Once the sockeye is snagged on the line the fisher is required to reel in the line quickly and simultaneously back up. The salmon will vigorously attempt to free itself so the more quickly one gains the shore the greater the chances of success. The sockeye will flip and flop about on the shore and is extraordinarily slippery so killing it can be difficult for the experienced and inexperienced alike. The miniature acts of violence that occur periodically along the rocky Alaskan shore can be an amusing spectacle to the bored and less fortunate fishers standing around. A small plastic club picked up from any outdoor recreation department for a few dollars is the best at putting the fish to rest but a hardy rock or a solid kick has proved somewhat successful too. Once the salmon ceases moving, the stringer is used to keep the fish on a rope tied to your belt. This allows the salmon to stay fresh and dangle off the rope in the water. It also acts as a sort of badge along the shoreline, the successful and seasoned fishers often have upwards of five salmon in tow as they move up and down the shore.

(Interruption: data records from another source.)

(* Let $K$ be a finite simplicial complex equipped with two assignments of edge lengths, giving discrete geodesic distance functions $f^1_p$ and $f^2_p$ for each vertex $p$ of $K$, and let $\epsilon=\max_{p\in\mathrm{Vert}(K)}\max_{q\in\mathrm{Vert}(K)}|f^1_p(q)-f^2_p(q)|$. Then for every homology class $h\in H_d(K;\mathbb{Z}_2)$, $|S^1(h)-S^2(h)|\le\epsilon$, where $S^1,S^2$ denote the size of $h$ computed with respect to $f^1$ and $f^2$ respectively.
   Context: For a given edge-length assignment, $f_p(q)$ is the length of a shortest path from vertex $p$ to vertex $q$ in the 1-skeleton of $K$, extended to simplices by $f_p(\sigma)=\max_{q\in\mathrm{Vert}(\sigma)}f_p(q)$. The geodesic ball $B_p^t=\{\sigma\in K: f_p(\sigma)\le t\}$ is a subcomplex; it carries a class $h$ if it contains some cycle representing $h$ (over $\mathbb{Z}_2$). $r_{f_p}(h)$ is the smallest $t$ such that $B_p^t$ carries $h$, and the size of $h$ is $S(h)=\min_{p\in\mathrm{Vert}(K)}r_{f_p}(h)$. *)

theory Defs
  imports Main "HOL-Library.Multiset" Complex_Main
begin

definition simplicial_complex :: "'a set set \<Rightarrow> bool" where
  "simplicial_complex K \<longleftrightarrow> finite K \<and>
     (\<forall>\<sigma>\<in>K. finite \<sigma> \<and> \<sigma> \<noteq> {} \<and> (\<forall>\<tau>. \<tau> \<subseteq> \<sigma> \<and> \<tau> \<noteq> {} \<longrightarrow> \<tau> \<in> K))"

definition Vert :: "'a set set \<Rightarrow> 'a set" where
  "Vert K = \<Union>K"

definition simplices :: "'a set set \<Rightarrow> nat \<Rightarrow> 'a set set" where
  "simplices K d = {\<sigma>\<in>K. card \<sigma> = Suc d}"

text \<open>A Z/2 d-chain is a set of d-simplices; addition is symmetric difference.\<close>

definition chains :: "'a set set \<Rightarrow> nat \<Rightarrow> 'a set set set" where
  "chains K d = Pow (simplices K d)"

definition sym_diff :: "'b set \<Rightarrow> 'b set \<Rightarrow> 'b set" where
  "sym_diff A B = (A - B) \<union> (B - A)"

text \<open>Boundary of a d-chain: the codimension-one faces occurring an odd number of
times (empty for d = 0, since the empty set is not a simplex).\<close>
definition bdry :: "'a set set \<Rightarrow> nat \<Rightarrow> 'a set set \<Rightarrow> 'a set set" where
  "bdry K d c = {\<tau>\<in>K. card \<tau> = d \<and> odd (card {\<sigma>\<in>c. \<tau> \<subseteq> \<sigma>})}"

definition cycles :: "'a set set \<Rightarrow> nat \<Rightarrow> 'a set set set" where
  "cycles K d = {c\<in>chains K d. bdry K d c = {}}"

definition boundaries :: "'a set set \<Rightarrow> nat \<Rightarrow> 'a set set set" where
  "boundaries K d = bdry K (Suc d) ` chains K (Suc d)"

definition hclass :: "'a set set \<Rightarrow> nat \<Rightarrow> 'a set set \<Rightarrow> 'a set set set" where
  "hclass K d z = {z'\<in>cycles K d. sym_diff z z' \<in> boundaries K d}"

definition homology :: "'a set set \<Rightarrow> nat \<Rightarrow> 'a set set set set" where
  "homology K d = hclass K d ` cycles K d"

definition walk :: "'a set set \<Rightarrow> 'a list \<Rightarrow> bool" where
  "walk K xs \<longleftrightarrow> xs \<noteq> [] \<and> set xs \<subseteq> Vert K \<and>
     (\<forall>i. Suc i < length xs \<longrightarrow> {xs ! i, xs ! Suc i} \<in> simplices K 1)"

definition walk_len :: "('a set \<Rightarrow> real) \<Rightarrow> 'a list \<Rightarrow> real" where
  "walk_len w xs = (\<Sum>i<length xs - 1. w {xs ! i, xs ! Suc i})"

definition edge_lengths :: "'a set set \<Rightarrow> ('a set \<Rightarrow> real) \<Rightarrow> bool" where
  "edge_lengths K w \<longleftrightarrow> (\<forall>e\<in>simplices K 1. 0 \<le> w e)"

definition connected_1skel :: "'a set set \<Rightarrow> bool" where
  "connected_1skel K \<longleftrightarrow> (\<forall>p\<in>Vert K. \<forall>q\<in>Vert K. \<exists>xs. walk K xs \<and> hd xs = p \<and> last xs = q)"

definition geod :: "'a set set \<Rightarrow> ('a set \<Rightarrow> real) \<Rightarrow> 'a \<Rightarrow> 'a \<Rightarrow> real" where
  "geod K w p q = Inf {walk_len w xs | xs. walk K xs \<and> hd xs = p \<and> last xs = q}"

definition geod_simplex :: "'a set set \<Rightarrow> ('a set \<Rightarrow> real) \<Rightarrow> 'a \<Rightarrow> 'a set \<Rightarrow> real" where
  "geod_simplex K w p \<sigma> = Max (geod K w p ` \<sigma>)"

definition geod_ball :: "'a set set \<Rightarrow> ('a set \<Rightarrow> real) \<Rightarrow> 'a \<Rightarrow> real \<Rightarrow> 'a set set" where
  "geod_ball K w p t = {\<sigma>\<in>K. geod_simplex K w p \<sigma> \<le> t}"

definition carries :: "'a set set \<Rightarrow> 'a set set set \<Rightarrow> bool" where
  "carries B h \<longleftrightarrow> (\<exists>c\<in>h. c \<subseteq> B)"

definition radius :: "'a set set \<Rightarrow> ('a set \<Rightarrow> real) \<Rightarrow> 'a \<Rightarrow> 'a set set set \<Rightarrow> real" where
  "radius K w p h = Inf {t. 0 \<le> t \<and> carries (geod_ball K w p t) h}"

definition hsize :: "'a set set \<Rightarrow> ('a set \<Rightarrow> real) \<Rightarrow> 'a set set set \<Rightarrow> real" where
  "hsize K w h = Min ((\<lambda>p. radius K w p h) ` Vert K)"

definition dist_eps :: "'a set set \<Rightarrow> ('a set \<Rightarrow> real) \<Rightarrow> ('a set \<Rightarrow> real) \<Rightarrow> real" where
  "dist_eps K w1 w2 = Max ((\<lambda>p. Max ((\<lambda>q. \<bar>geod K w1 p q - geod K w2 p q\<bar>) ` Vert K)) ` Vert K)"

end

theory Submission
  imports Defs
begin

text \<open>If every vertex distance moves by at most \<open>\<epsilon>\<close> when passing from one edge-length
assignment to the other, then every geodesic ball of radius \<open>t\<close> for one assignment lies
in the ball of radius \<open>t + \<epsilon>\<close> for the other. Hence each radius \<open>r_{f_p}(h)\<close>, an infimum
of the carrying radii, moves by at most \<open>\<epsilon>\<close>, and so does their minimum over \<open>p\<close>.\<close>

lemma cInf_le_cInf_add:
  fixes S T :: "real set"
  assumes "T \<noteq> {}" and "bdd_below S" and "\<And>t. t \<in> T \<Longrightarrow> t + e \<in> S"
  shows "Inf S \<le> Inf T + e"
proof -
  have "Inf S - e \<le> t" if "t \<in> T" for t
    using cInf_lower[OF assms(3)[OF that] assms(2)] by simp
  hence "Inf S - e \<le> Inf T" using assms(1) by (intro cInf_greatest)
  thus ?thesis by simp
qed

lemma Min_image_le_Min_image_add:
  fixes f g :: "'b \<Rightarrow> real"
  assumes "finite A" and "A \<noteq> {}" and "\<And>x. x \<in> A \<Longrightarrow> f x \<le> g x + e"
  shows "Min (f ` A) \<le> Min (g ` A) + e"
proof -
  have "Min (g ` A) \<in> g ` A" using assms(1,2) by simp
  then obtain x where x: "x \<in> A" and gx: "Min (g ` A) = g x" by blast
  have "Min (f ` A) \<le> f x" using assms(1) x by simp
  also have "\<dots> \<le> g x + e" using assms(3) x by simp
  finally show ?thesis using gx by simp
qed

lemma finite_Vert: "simplicial_complex K \<Longrightarrow> finite (Vert K)"
  by (auto simp: simplicial_complex_def Vert_def)

lemma Vert_nonempty: "simplicial_complex K \<Longrightarrow> K \<noteq> {} \<Longrightarrow> Vert K \<noteq> {}"
  by (auto simp: simplicial_complex_def Vert_def)

lemma geod_simplex_le_iff:
  assumes "simplicial_complex K" and "\<sigma> \<in> K"
  shows "geod_simplex K w p \<sigma> \<le> t \<longleftrightarrow> (\<forall>q\<in>\<sigma>. geod K w p q \<le> t)"
  using assms by (simp add: geod_simplex_def simplicial_complex_def Max_le_iff)

lemma geod_ball_subset_geod_ball_add:
  assumes "simplicial_complex K"
    and "\<And>q. q \<in> Vert K \<Longrightarrow> geod K w1 p q \<le> geod K w2 p q + e"
  shows "geod_ball K w2 p t \<subseteq> geod_ball K w1 p (t + e)"
proof
  fix \<sigma> assume "\<sigma> \<in> geod_ball K w2 p t"
  hence \<sigma>: "\<sigma> \<in> K" and "\<forall>q\<in>\<sigma>. geod K w2 p q \<le> t"
    using geod_simplex_le_iff[OF assms(1)] by (auto simp: geod_ball_def)
  moreover have "\<sigma> \<subseteq> Vert K" using \<sigma> by (auto simp: Vert_def)
  ultimately have "\<forall>q\<in>\<sigma>. geod K w1 p q \<le> t + e" using assms(2) by force
  thus "\<sigma> \<in> geod_ball K w1 p (t + e)"
    using \<sigma> geod_simplex_le_iff[OF assms(1) \<sigma>] by (simp add: geod_ball_def)
qed

lemma carries_mono: "B \<subseteq> B' \<Longrightarrow> carries B h \<Longrightarrow> carries B' h"
  by (auto simp: carries_def)

lemma cycle_in_hclass:
  assumes "z \<in> cycles K d"
  shows "z \<in> hclass K d z"
proof -
  have "sym_diff z z = bdry K (Suc d) {}" by (simp add: sym_diff_def bdry_def)
  hence "sym_diff z z \<in> boundaries K d"
    unfolding boundaries_def chains_def by blast
  thus ?thesis using assms by (simp add: hclass_def)
qed

lemma carries_complex_homology:
  assumes "h \<in> homology K d"
  shows "carries K h"
proof -
  obtain z where z: "z \<in> cycles K d" and h: "h = hclass K d z"
    using assms by (auto simp: homology_def)
  have "z \<subseteq> K" using z by (auto simp: cycles_def chains_def simplices_def)
  thus ?thesis using cycle_in_hclass[OF z] h by (auto simp: carries_def)
qed

lemma geod_ball_Max_eq:
  assumes "simplicial_complex K"
  shows "geod_ball K w p (Max (geod_simplex K w p ` K)) = K"
proof -
  have "finite K" using assms by (simp add: simplicial_complex_def)
  thus ?thesis by (auto simp: geod_ball_def)
qed

lemma ex_radius_carries:
  assumes "simplicial_complex K" and "h \<in> homology K d"
  shows "\<exists>t\<ge>0. carries (geod_ball K w p t) h"
proof -
  let ?T = "max 0 (Max (geod_simplex K w p ` K))"
  have "geod_ball K w p (Max (geod_simplex K w p ` K)) \<subseteq> geod_ball K w p ?T"
    by (auto simp: geod_ball_def)
  hence "carries (geod_ball K w p ?T) h"
    using carries_complex_homology[OF assms(2)] geod_ball_Max_eq[OF assms(1)]
    by (metis carries_mono)
  thus ?thesis by (intro exI[of _ ?T]) simp
qed

lemma radius_le_radius_add:
  assumes "simplicial_complex K" and "h \<in> homology K d" and "0 \<le> e"
    and "\<And>q. q \<in> Vert K \<Longrightarrow> geod K w1 p q \<le> geod K w2 p q + e"
  shows "radius K w1 p h \<le> radius K w2 p h + e"
  unfolding radius_def
proof (rule cInf_le_cInf_add)
  show "{t. 0 \<le> t \<and> carries (geod_ball K w2 p t) h} \<noteq> {}"
    using ex_radius_carries[OF assms(1,2)] by blast
  show "bdd_below {t. 0 \<le> t \<and> carries (geod_ball K w1 p t) h}"
    by (rule bdd_belowI[of _ 0]) simp
  fix t assume "t \<in> {t. 0 \<le> t \<and> carries (geod_ball K w2 p t) h}"
  thus "t + e \<in> {t. 0 \<le> t \<and> carries (geod_ball K w1 p t) h}"
    using assms(3) carries_mono[OF geod_ball_subset_geod_ball_add[OF assms(1,4)]] by auto
qed

lemma hsize_le_hsize_add:
  assumes "simplicial_complex K" and "K \<noteq> {}" and "h \<in> homology K d" and "0 \<le> e"
    and "\<And>p q. p \<in> Vert K \<Longrightarrow> q \<in> Vert K \<Longrightarrow> geod K w1 p q \<le> geod K w2 p q + e"
  shows "hsize K w1 h \<le> hsize K w2 h + e"
  unfolding hsize_def
proof (rule Min_image_le_Min_image_add)
  show "finite (Vert K)" "Vert K \<noteq> {}"
    using finite_Vert[OF assms(1)] Vert_nonempty[OF assms(1,2)] .
  fix p assume "p \<in> Vert K"
  thus "radius K w1 p h \<le> radius K w2 p h + e"
    using assms(5) by (intro radius_le_radius_add[OF assms(1,3,4)])
qed

lemma geod_diff_le_dist_eps:
  assumes "simplicial_complex K" and "p \<in> Vert K" and "q \<in> Vert K"
  shows "\<bar>geod K w1 p q - geod K w2 p q\<bar> \<le> dist_eps K w1 w2"
proof -
  have fin: "finite (Vert K)" using finite_Vert[OF assms(1)] .
  have "\<bar>geod K w1 p q - geod K w2 p q\<bar> \<le> Max ((\<lambda>q. \<bar>geod K w1 p q - geod K w2 p q\<bar>) ` Vert K)"
    using fin assms(3) by simp
  also have "\<dots> \<le> dist_eps K w1 w2" unfolding dist_eps_def using fin assms(2) by simp
  finally show ?thesis .
qed

theorem theorem3p1:
  fixes K :: "'a set set" and w1 w2 :: "'a set \<Rightarrow> real" and d :: nat
    and h :: "'a set set set"
  assumes "simplicial_complex K" and "K \<noteq> {}"
    and "connected_1skel K"
    and "edge_lengths K w1" and "edge_lengths K w2"
    and "h \<in> homology K d"
  shows "\<bar>hsize K w1 h - hsize K w2 h\<bar> \<le> dist_eps K w1 w2"
proof -
  let ?\<epsilon> = "dist_eps K w1 w2"
  have bound: "\<bar>geod K w1 p q - geod K w2 p q\<bar> \<le> ?\<epsilon>" if "p \<in> Vert K" "q \<in> Vert K" for p q
    using geod_diff_le_dist_eps[OF assms(1) that] .
  obtain p where "p \<in> Vert K" using Vert_nonempty[OF assms(1,2)] by blast
  hence nonneg: "0 \<le> ?\<epsilon>" using bound by fastforce
  have "hsize K w1 h \<le> hsize K w2 h + ?\<epsilon>"
    using bound by (intro hsize_le_hsize_add[OF assms(1,2,6) nonneg]) fastforce
  moreover have "hsize K w2 h \<le> hsize K w1 h + ?\<epsilon>"
    using bound by (intro hsize_le_hsize_add[OF assms(1,2,6) nonneg]) fastforce
  ultimately show ?thesis by linarith
qed

end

In addition to the possibility of catching well over $300 of fresh healthy meat in one day, several other benefits of fishing in Resurrection Bay become readily apparent. Resurrection Bay is one of the most scenic places in the southern portion of Alaska. Mountains can be seen on three sides, while on the fourth side the bay opens to the Pacific Ocean. A visitor is likely to see over three bald eagles per visit either landed along the shore or circling in the sky. On one lucky occasion, I witnessed the spout of some species of whale shoot up from Resurrection Bay several times. A careful and patient observer might see the head of an otter or seal pop out amidst the waves. The evolution of the shore as the tide goes in and out over the course of several hours is also interesting to witness. Based on my casual observation the tide subtly changes through the days and weeks slowly transforming the shore. To be honest fishing is not my favorite pastime but it is an activity that I will continue to pursue during my time in Alaska because I can catch valuable meat, learn a valuable skill, and enjoy the beautiful Alaskan coast.